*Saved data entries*

text \<open>Inverse in Q(q)^pi (a + b pi is invertible iff a^2 \<noteq> b^2); 0 otherwise.\<close>
definition qinv :: "qpi \<Rightarrow> qpi" where
  "qinv x = QP (qfst x / (qfst x ^ 2 - qsnd x ^ 2)) (- qsnd x / (qfst x ^ 2 - qsnd x ^ 2))"

definition qpow :: "qpi \<Rightarrow> int \<Rightarrow> qpi" where
  "qpow x n = (if n \<ge> 0 then x ^ nat n else qinv x ^ nat (- n))"

definition qbar :: "qpi \<Rightarrow> qpi" where
  "qbar x = QP (barQ (qfst x)) (barQ (qsnd x))"

definition qint :: "int \<Rightarrow> qpi" where
  "qint n = (qpow (piv * qv) n - qpow qv (- n)) * qinv (piv * qv - qpow qv (-1))"

definition qfact :: "nat \<Rightarrow> qpi" where
  "qfact d = (\<Prod>i\<in>{1..d}. qint (int i))"

text \<open>A locally unital U_{q,pi}(sl_2)-module V = (+)_k 1_k V: scal is the Q(q)^pi-action,
  P k is the action of the idempotent 1_k, E and F the actions of E and F (i.e. sum_k E1_k, sum_k F1_k).\<close>
definition qlinear :: "(qpi \<Rightarrow> 'v::ab_group_add \<Rightarrow> 'v) \<Rightarrow> ('v \<Rightarrow> 'v) \<Rightarrow> bool" where
  "qlinear scal f \<longleftrightarrow> (\<forall>x y. f (x + y) = f x + f y) \<and> (\<forall>c x. f (scal c x) = scal c (f x))"

definition Uqpi_module ::
  "(qpi \<Rightarrow> 'v::ab_group_add \<Rightarrow> 'v) \<Rightarrow> (int \<Rightarrow> 'v \<Rightarrow> 'v) \<Rightarrow> ('v \<Rightarrow> 'v) \<Rightarrow> ('v \<Rightarrow> 'v) \<Rightarrow> bool" where
  "Uqpi_module scal P E F \<longleftrightarrow>
     module scal \<and>
     (\<forall>k. qlinear scal (P k)) \<and> qlinear scal E \<and> qlinear scal F \<and>
     (\<forall>k l v. P k (P l v) = (if k = l then P k v else 0)) \<and>
     (\<forall>v. finite {k. P k v \<noteq> 0} \<and> v = (\<Sum>k\<in>{k. P k v \<noteq> 0}. P k v)) \<and>
     (\<forall>k v. E (P k v) = P (k + 2) (E v)) \<and>
     (\<forall>k v. F (P k v) = P (k - 2) (F v)) \<and>
     (\<forall>k v. E (F (P k v)) - scal piv (F (E (P k v))) = scal (qbar (qint k)) (P k v))"

definition integrable ::
  "(qpi \<Rightarrow> 'v::ab_group_add \<Rightarrow> 'v) \<Rightarrow> (int \<Rightarrow> 'v \<Rightarrow> 'v) \<Rightarrow> ('v \<Rightarrow> 'v) \<Rightarrow> ('v \<Rightarrow> 'v) \<Rightarrow> bool" where
  "integrable scal P E F \<longleftrightarrow> Uqpi_module scal P E F \<and>
     (\<forall>k v. v \<in> range (P k) \<longrightarrow> (\<exists>n. \<forall>m\<ge>n. (E ^^ m) v = 0 \<and> (F ^^ m) v = 0))"

definition divpow :: "(qpi \<Rightarrow> 'v \<Rightarrow> 'v) \<Rightarrow> ('v \<Rightarrow> 'v) \<Rightarrow> nat \<Rightarrow> 'v \<Rightarrow> 'v" where
  "divpow scal X d v = scal (qinv (qfact d)) ((X ^^ d) v)"

definition divpow_bar :: "(qpi \<Rightarrow> 'v \<Rightarrow> 'v) \<Rightarrow> ('v \<Rightarrow> 'v) \<Rightarrow> nat \<Rightarrow> 'v \<Rightarrow> 'v" where
  "divpow_bar scal X d v = scal (qinv (qbar (qfact d))) ((X ^^ d) v)"

definition fsum :: "(nat \<Rightarrow> 'v::comm_monoid_add) \<Rightarrow> nat set \<Rightarrow> 'v" where
  "fsum f A = (\<Sum>d\<in>{d\<in>A. f d \<noteq> 0}. f d)"

end

theory Submission
  imports Defs "HOL-Computational_Algebra.Formal_Power_Series"
begin

text \<open>Every weight vector of an integrable module is a finite sum of strings $F^j x$ with $E x = 0$
  (or of strings $E^j y$ with $F y = 0$, which are again strings of the first kind).  If $x$ has
  weight $n$, the commutation relation gives $E F^i x = [i]\,\overline{[n-i+1]}\,F^{i-1} x$, so for
  $n = j + m$ both $T$ and the candidate inverse $T'$ exchange $F^{(j)} x$ and $F^{(m)} x$ up to
  scalars.  After specialising $\pi$ to $\pm 1$, the product of the two scalars is a $q$-Vandermonde
  convolution, which equals $1$: it is a coefficient of a Cauchy binomial product times the inverse
  of another one.  Hence $T' T = T T' = 1$ on every weight vector, and so everywhere.\<close>

section \<open>The bar involution on $\mathbb Q(q)$\<close>

definition poly_fract :: "rat poly \<Rightarrow> Qq" where "poly_fract p = Fract p 1"

lemma poly_fract_add: "poly_fract (p + r) = poly_fract p + poly_fract r"
  by (simp add: poly_fract_def)
lemma poly_fract_mult: "poly_fract (p * r) = poly_fract p * poly_fract r"
  by (simp add: poly_fract_def)
lemma poly_fract_0: "poly_fract 0 = 0"
  by (simp add: poly_fract_def Zero_fract_def)
lemma poly_fract_1: "poly_fract 1 = 1"
  by (simp add: poly_fract_def One_fract_def)
lemma poly_fract_eq_iff: "poly_fract p = poly_fract r \<longleftrightarrow> p = r"
  by (simp add: poly_fract_def eq_fract)
lemma poly_fract_eq_0_iff: "poly_fract p = 0 \<longleftrightarrow> p = 0"
  using poly_fract_eq_iff[of p 0] by (simp add: poly_fract_0)
lemma poly_fract_power: "poly_fract (p ^ n) = poly_fract p ^ n"
  by (induct n) (simp_all add: poly_fract_1 poly_fract_mult)
lemma qQ_eq_poly_fract: "qQ = poly_fract [:0, 1:]"
  by (simp add: qQ_def poly_fract_def)
lemma qQ_nonzero: "qQ \<noteq> 0"
  by (simp add: qQ_eq_poly_fract poly_fract_eq_0_iff)

lemma subinv_pCons: "subinv (pCons c p) = poly_fract [:c:] + inverse qQ * subinv p"
  by (simp add: subinv_def map_poly_pCons poly_fract_def Zero_fract_def eq_fract)

lemma subinv_0: "subinv 0 = 0"
  by (simp add: subinv_def)

lemma subinv_const: "subinv [:c:] = poly_fract [:c:]"
  using subinv_pCons[of c 0] by (simp add: subinv_0)

lemma subinv_1: "subinv 1 = 1"
  using subinv_const[of 1] by (simp add: poly_fract_1 flip: one_pCons)

lemma subinv_add: "subinv (p + r) = subinv p + subinv r"
proof (induct p arbitrary: r rule: pCons_induct)
  case (pCons a p)
  show ?case
  proof (cases r rule: pCons_cases)
    case (pCons b r')
    then show ?thesis using pCons.hyps(2)[of r']
      by (simp add: subinv_pCons poly_fract_add[symmetric] algebra_simps)
  qed
qed (simp add: subinv_0)

lemma subinv_smult: "subinv (smult c p) = poly_fract [:c:] * subinv p"
  by (induct p rule: pCons_induct)
    (simp_all add: subinv_0 subinv_pCons poly_fract_mult[symmetric] algebra_simps)

lemma subinv_mult: "subinv (p * r) = subinv p * subinv r"
  by (induct p rule: pCons_induct)
    (simp_all add: subinv_0 subinv_pCons subinv_add subinv_smult poly_fract_0 algebra_simps)

lemma poly_fract_monom: "poly_fract (monom c n) = poly_fract [:c:] * qQ ^ n"
proof -
  have "monom c n = [:c:] * [:0, 1:] ^ n"
    by (simp add: monom_altdef)
  then show ?thesis
    by (simp only: qQ_eq_poly_fract poly_fract_mult poly_fract_power)
qed

lemma subinv_reflect_poly: "qQ ^ degree p * subinv p = poly_fract (reflect_poly p)"
proof (induct p rule: pCons_induct)
  case (pCons c p)
  show ?case
  proof (cases "p = 0")
    case False
    then show ?thesis using pCons.hyps(2) qQ_nonzero
      by (simp add: subinv_pCons reflect_poly_pCons' poly_fract_add poly_fract_monom algebra_simps)
        (simp add: field_simps)
  qed (simp add: subinv_const)
qed (simp add: subinv_0 poly_fract_0)

lemma subinv_eq_0_iff: "subinv p = 0 \<longleftrightarrow> p = 0"
  using subinv_reflect_poly[of p] qQ_nonzero by (auto simp: poly_fract_eq_0_iff subinv_0)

*INSTRUCTIONS TO FOLLOW*
Search the records above for "else". Copy each line where it is found.

*PROBLEM SOLUTION*
  "qpow x n = (if n \<ge> 0 then x ^ nat n else qinv x ^ nat (- n))"
     (\<forall>k l v. P k (P l v) = (if k = l then P k v else 0)) \<and>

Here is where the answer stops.